> _EXTRACTED INFORMATION_
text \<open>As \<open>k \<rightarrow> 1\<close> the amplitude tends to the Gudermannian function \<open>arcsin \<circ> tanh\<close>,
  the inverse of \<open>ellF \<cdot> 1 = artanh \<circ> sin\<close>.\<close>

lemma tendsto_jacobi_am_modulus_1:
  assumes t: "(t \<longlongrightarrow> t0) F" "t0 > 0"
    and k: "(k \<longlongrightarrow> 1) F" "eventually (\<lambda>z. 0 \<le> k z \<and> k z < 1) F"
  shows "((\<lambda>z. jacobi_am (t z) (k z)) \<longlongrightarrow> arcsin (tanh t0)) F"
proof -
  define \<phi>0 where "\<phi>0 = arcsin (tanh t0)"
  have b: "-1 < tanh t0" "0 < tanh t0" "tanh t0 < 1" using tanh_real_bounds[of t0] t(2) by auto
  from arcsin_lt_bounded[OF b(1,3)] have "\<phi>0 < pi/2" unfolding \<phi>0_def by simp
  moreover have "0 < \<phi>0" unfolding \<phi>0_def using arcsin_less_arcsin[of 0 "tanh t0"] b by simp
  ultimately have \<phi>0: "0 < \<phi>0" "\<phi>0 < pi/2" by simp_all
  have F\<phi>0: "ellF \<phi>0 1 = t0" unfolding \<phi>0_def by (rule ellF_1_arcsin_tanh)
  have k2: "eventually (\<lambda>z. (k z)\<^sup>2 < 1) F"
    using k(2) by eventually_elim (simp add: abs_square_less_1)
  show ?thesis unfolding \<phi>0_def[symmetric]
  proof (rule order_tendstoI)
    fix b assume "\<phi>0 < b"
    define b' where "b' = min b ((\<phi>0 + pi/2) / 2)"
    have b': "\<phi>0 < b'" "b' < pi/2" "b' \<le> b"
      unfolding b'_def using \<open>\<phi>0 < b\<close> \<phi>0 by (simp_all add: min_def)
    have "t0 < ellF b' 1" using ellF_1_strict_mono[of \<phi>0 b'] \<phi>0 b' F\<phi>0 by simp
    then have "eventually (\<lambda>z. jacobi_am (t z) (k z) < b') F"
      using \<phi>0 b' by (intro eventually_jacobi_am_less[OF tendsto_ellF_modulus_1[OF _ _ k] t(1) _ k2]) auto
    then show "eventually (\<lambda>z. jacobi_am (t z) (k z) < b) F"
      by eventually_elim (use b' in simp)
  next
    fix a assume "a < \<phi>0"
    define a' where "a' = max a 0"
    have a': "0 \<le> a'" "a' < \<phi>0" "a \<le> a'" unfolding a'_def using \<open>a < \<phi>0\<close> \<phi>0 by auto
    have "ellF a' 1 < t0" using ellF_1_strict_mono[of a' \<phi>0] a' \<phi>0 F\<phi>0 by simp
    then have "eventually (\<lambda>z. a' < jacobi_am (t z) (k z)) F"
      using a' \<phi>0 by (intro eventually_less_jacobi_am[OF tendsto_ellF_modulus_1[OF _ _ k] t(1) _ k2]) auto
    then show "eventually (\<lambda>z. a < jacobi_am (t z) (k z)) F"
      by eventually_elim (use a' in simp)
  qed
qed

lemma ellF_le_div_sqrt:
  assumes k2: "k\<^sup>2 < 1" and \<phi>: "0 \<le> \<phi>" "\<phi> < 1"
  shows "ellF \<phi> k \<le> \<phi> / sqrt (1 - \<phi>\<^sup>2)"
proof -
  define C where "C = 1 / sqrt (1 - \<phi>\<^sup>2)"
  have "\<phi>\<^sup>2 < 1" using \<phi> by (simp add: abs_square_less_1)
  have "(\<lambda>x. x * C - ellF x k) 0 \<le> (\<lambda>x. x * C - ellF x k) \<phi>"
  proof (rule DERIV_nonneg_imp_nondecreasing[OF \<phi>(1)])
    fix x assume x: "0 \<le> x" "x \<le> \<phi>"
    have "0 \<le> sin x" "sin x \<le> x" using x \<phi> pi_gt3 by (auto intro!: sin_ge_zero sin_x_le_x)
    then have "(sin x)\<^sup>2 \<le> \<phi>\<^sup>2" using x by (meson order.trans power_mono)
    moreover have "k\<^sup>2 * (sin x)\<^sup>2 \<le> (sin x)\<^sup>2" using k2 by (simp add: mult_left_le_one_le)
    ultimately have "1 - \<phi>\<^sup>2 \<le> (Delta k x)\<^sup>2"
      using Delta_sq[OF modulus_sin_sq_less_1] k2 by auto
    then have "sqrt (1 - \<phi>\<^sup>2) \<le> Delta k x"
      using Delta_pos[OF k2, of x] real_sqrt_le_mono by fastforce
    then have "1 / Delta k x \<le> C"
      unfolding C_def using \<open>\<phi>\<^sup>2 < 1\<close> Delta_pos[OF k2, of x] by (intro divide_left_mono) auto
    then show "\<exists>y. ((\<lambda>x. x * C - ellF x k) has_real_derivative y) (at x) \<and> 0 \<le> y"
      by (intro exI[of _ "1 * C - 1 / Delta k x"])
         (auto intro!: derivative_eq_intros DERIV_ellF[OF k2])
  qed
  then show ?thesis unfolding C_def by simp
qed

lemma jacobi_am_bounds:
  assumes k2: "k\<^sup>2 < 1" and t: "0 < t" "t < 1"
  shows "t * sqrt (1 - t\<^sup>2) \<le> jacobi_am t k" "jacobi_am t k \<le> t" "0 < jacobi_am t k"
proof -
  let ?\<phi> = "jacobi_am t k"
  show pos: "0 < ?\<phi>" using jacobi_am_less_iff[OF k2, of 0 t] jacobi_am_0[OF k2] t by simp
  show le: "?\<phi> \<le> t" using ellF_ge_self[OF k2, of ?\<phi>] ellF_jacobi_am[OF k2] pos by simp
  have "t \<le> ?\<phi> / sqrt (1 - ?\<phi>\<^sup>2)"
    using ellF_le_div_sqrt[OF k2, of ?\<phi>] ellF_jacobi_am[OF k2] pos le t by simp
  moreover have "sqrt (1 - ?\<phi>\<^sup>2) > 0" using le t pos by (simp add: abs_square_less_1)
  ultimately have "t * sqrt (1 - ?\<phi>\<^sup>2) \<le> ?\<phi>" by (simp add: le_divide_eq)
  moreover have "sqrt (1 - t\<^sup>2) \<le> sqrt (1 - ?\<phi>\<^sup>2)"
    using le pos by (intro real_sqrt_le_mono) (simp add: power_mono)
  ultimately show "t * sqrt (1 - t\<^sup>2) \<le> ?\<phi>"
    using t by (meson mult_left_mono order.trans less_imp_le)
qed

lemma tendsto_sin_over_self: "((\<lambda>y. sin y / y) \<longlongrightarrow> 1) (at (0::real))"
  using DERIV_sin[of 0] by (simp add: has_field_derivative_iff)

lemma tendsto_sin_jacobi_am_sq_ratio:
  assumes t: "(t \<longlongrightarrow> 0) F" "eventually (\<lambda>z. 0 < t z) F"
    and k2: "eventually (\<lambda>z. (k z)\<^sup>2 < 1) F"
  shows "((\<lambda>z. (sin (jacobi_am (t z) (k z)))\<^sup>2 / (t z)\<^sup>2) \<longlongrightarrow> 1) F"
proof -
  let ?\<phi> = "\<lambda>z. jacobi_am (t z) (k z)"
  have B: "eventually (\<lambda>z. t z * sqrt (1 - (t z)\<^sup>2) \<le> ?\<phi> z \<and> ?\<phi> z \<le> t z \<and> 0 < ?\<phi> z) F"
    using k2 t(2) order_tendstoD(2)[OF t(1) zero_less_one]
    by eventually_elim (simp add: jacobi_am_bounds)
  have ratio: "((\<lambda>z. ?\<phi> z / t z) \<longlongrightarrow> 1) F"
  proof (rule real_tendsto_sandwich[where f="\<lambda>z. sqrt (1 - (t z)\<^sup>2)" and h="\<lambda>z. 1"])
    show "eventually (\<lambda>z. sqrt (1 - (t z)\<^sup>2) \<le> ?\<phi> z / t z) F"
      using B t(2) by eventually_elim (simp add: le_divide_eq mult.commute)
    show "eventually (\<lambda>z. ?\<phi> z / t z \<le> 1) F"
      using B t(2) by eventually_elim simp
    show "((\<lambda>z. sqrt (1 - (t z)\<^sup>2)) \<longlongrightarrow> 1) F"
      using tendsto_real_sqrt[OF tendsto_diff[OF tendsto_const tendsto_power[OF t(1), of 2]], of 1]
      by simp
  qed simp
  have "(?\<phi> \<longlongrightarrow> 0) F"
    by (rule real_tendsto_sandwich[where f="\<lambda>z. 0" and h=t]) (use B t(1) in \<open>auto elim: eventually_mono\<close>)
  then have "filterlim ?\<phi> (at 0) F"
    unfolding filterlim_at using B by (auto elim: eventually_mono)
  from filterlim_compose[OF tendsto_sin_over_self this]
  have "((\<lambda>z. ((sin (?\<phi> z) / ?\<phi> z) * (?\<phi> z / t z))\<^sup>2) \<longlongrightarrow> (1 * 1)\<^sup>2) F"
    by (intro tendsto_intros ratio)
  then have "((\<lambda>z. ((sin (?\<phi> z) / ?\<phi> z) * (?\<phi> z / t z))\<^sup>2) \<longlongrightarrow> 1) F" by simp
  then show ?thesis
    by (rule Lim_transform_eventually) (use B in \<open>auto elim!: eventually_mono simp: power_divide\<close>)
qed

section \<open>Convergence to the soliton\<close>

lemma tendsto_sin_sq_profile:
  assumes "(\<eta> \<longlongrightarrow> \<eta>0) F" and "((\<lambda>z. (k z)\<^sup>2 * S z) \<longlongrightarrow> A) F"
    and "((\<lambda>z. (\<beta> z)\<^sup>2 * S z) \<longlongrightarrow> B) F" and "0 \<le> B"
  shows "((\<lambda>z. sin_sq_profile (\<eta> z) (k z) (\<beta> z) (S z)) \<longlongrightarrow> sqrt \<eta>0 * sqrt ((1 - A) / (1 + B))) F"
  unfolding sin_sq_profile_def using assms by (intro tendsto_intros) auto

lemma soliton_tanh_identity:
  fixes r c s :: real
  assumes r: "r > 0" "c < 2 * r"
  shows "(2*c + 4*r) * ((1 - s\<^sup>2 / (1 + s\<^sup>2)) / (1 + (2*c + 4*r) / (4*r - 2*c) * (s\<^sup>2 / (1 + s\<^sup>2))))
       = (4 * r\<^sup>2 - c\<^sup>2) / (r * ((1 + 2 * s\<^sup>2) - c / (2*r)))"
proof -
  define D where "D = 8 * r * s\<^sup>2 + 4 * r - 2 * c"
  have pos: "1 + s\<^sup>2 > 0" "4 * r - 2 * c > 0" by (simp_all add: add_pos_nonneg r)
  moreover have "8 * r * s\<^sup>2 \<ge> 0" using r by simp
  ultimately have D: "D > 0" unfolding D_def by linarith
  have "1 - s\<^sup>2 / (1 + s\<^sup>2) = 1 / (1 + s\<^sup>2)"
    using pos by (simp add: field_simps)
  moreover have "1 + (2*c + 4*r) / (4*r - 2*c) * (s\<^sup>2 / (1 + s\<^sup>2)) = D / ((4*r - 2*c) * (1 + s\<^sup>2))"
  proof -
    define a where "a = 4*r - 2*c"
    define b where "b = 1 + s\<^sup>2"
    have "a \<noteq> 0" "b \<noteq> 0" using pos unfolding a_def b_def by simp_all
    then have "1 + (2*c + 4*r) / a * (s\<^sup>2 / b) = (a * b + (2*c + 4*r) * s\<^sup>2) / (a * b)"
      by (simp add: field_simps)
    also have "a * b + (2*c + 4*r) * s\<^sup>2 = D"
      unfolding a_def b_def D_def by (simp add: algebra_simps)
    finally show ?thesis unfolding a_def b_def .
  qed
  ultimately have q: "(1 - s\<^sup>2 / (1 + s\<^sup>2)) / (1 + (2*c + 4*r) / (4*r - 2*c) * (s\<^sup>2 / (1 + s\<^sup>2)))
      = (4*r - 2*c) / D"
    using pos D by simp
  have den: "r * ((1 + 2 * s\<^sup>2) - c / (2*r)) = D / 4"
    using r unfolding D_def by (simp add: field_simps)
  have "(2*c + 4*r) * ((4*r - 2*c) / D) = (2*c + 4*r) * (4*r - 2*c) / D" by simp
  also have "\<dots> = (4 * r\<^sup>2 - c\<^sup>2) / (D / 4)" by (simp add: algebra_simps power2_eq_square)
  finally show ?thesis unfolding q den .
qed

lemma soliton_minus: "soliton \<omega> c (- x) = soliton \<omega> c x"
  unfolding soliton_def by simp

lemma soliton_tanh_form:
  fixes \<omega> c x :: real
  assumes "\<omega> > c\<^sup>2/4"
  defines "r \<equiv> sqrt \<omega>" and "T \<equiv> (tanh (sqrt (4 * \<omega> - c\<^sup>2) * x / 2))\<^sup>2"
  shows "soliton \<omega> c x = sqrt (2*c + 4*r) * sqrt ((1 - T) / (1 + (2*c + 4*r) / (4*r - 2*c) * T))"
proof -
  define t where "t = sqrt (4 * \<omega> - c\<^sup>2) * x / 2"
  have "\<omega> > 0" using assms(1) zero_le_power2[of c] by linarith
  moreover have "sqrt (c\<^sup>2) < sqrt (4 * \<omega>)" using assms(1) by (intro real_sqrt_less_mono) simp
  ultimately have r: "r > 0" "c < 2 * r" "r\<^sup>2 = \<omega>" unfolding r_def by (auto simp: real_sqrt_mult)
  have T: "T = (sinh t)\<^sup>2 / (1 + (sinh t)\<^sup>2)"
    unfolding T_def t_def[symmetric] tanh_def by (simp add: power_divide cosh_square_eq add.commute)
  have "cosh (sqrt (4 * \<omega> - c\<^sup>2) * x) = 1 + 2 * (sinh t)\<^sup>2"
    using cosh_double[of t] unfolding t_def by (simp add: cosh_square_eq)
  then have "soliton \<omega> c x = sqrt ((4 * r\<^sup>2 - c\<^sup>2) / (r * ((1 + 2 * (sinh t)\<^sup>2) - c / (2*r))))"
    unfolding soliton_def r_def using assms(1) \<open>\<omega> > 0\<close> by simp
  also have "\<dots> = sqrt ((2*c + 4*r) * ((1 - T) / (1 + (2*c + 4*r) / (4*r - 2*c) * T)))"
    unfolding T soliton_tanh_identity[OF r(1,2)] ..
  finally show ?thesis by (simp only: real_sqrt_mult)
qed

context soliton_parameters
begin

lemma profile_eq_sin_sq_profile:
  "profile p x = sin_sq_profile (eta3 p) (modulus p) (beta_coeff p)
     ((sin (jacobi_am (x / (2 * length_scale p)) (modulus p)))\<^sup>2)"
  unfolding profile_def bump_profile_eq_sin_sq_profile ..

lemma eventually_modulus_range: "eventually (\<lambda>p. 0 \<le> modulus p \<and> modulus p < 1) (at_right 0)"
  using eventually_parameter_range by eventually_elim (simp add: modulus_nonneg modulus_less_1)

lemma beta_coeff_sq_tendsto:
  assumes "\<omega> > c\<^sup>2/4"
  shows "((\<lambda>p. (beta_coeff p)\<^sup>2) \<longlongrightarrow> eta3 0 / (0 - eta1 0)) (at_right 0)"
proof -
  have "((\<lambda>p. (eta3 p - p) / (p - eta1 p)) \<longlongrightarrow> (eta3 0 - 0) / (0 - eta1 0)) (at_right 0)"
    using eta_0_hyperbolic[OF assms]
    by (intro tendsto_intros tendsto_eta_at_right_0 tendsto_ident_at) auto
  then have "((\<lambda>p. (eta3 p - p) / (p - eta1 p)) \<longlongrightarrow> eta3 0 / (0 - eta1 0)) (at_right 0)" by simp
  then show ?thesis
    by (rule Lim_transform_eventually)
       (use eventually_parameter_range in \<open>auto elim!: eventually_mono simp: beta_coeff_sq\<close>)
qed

> _PROBLEM REQUIREMENTS_
Please give an exact copy of the lines above, beginning with the line containing "t\<^sup>2) \<le> jacobi_am" and running through the line containing "using ellF_le_div_sqrt[OF k2, of", and of no other lines.

> _RESULT BELOW_
  shows "t * sqrt (1 - t\<^sup>2) \<le> jacobi_am t k" "jacobi_am t k \<le> t" "0 < jacobi_am t k"
proof -
  let ?\<phi> = "jacobi_am t k"
  show pos: "0 < ?\<phi>" using jacobi_am_less_iff[OF k2, of 0 t] jacobi_am_0[OF k2] t by simp
  show le: "?\<phi> \<le> t" using ellF_ge_self[OF k2, of ?\<phi>] ellF_jacobi_am[OF k2] pos by simp
  have "t \<le> ?\<phi> / sqrt (1 - ?\<phi>\<^sup>2)"
    using ellF_le_div_sqrt[OF k2, of ?\<phi>] ellF_jacobi_am[OF k2] pos le t by simp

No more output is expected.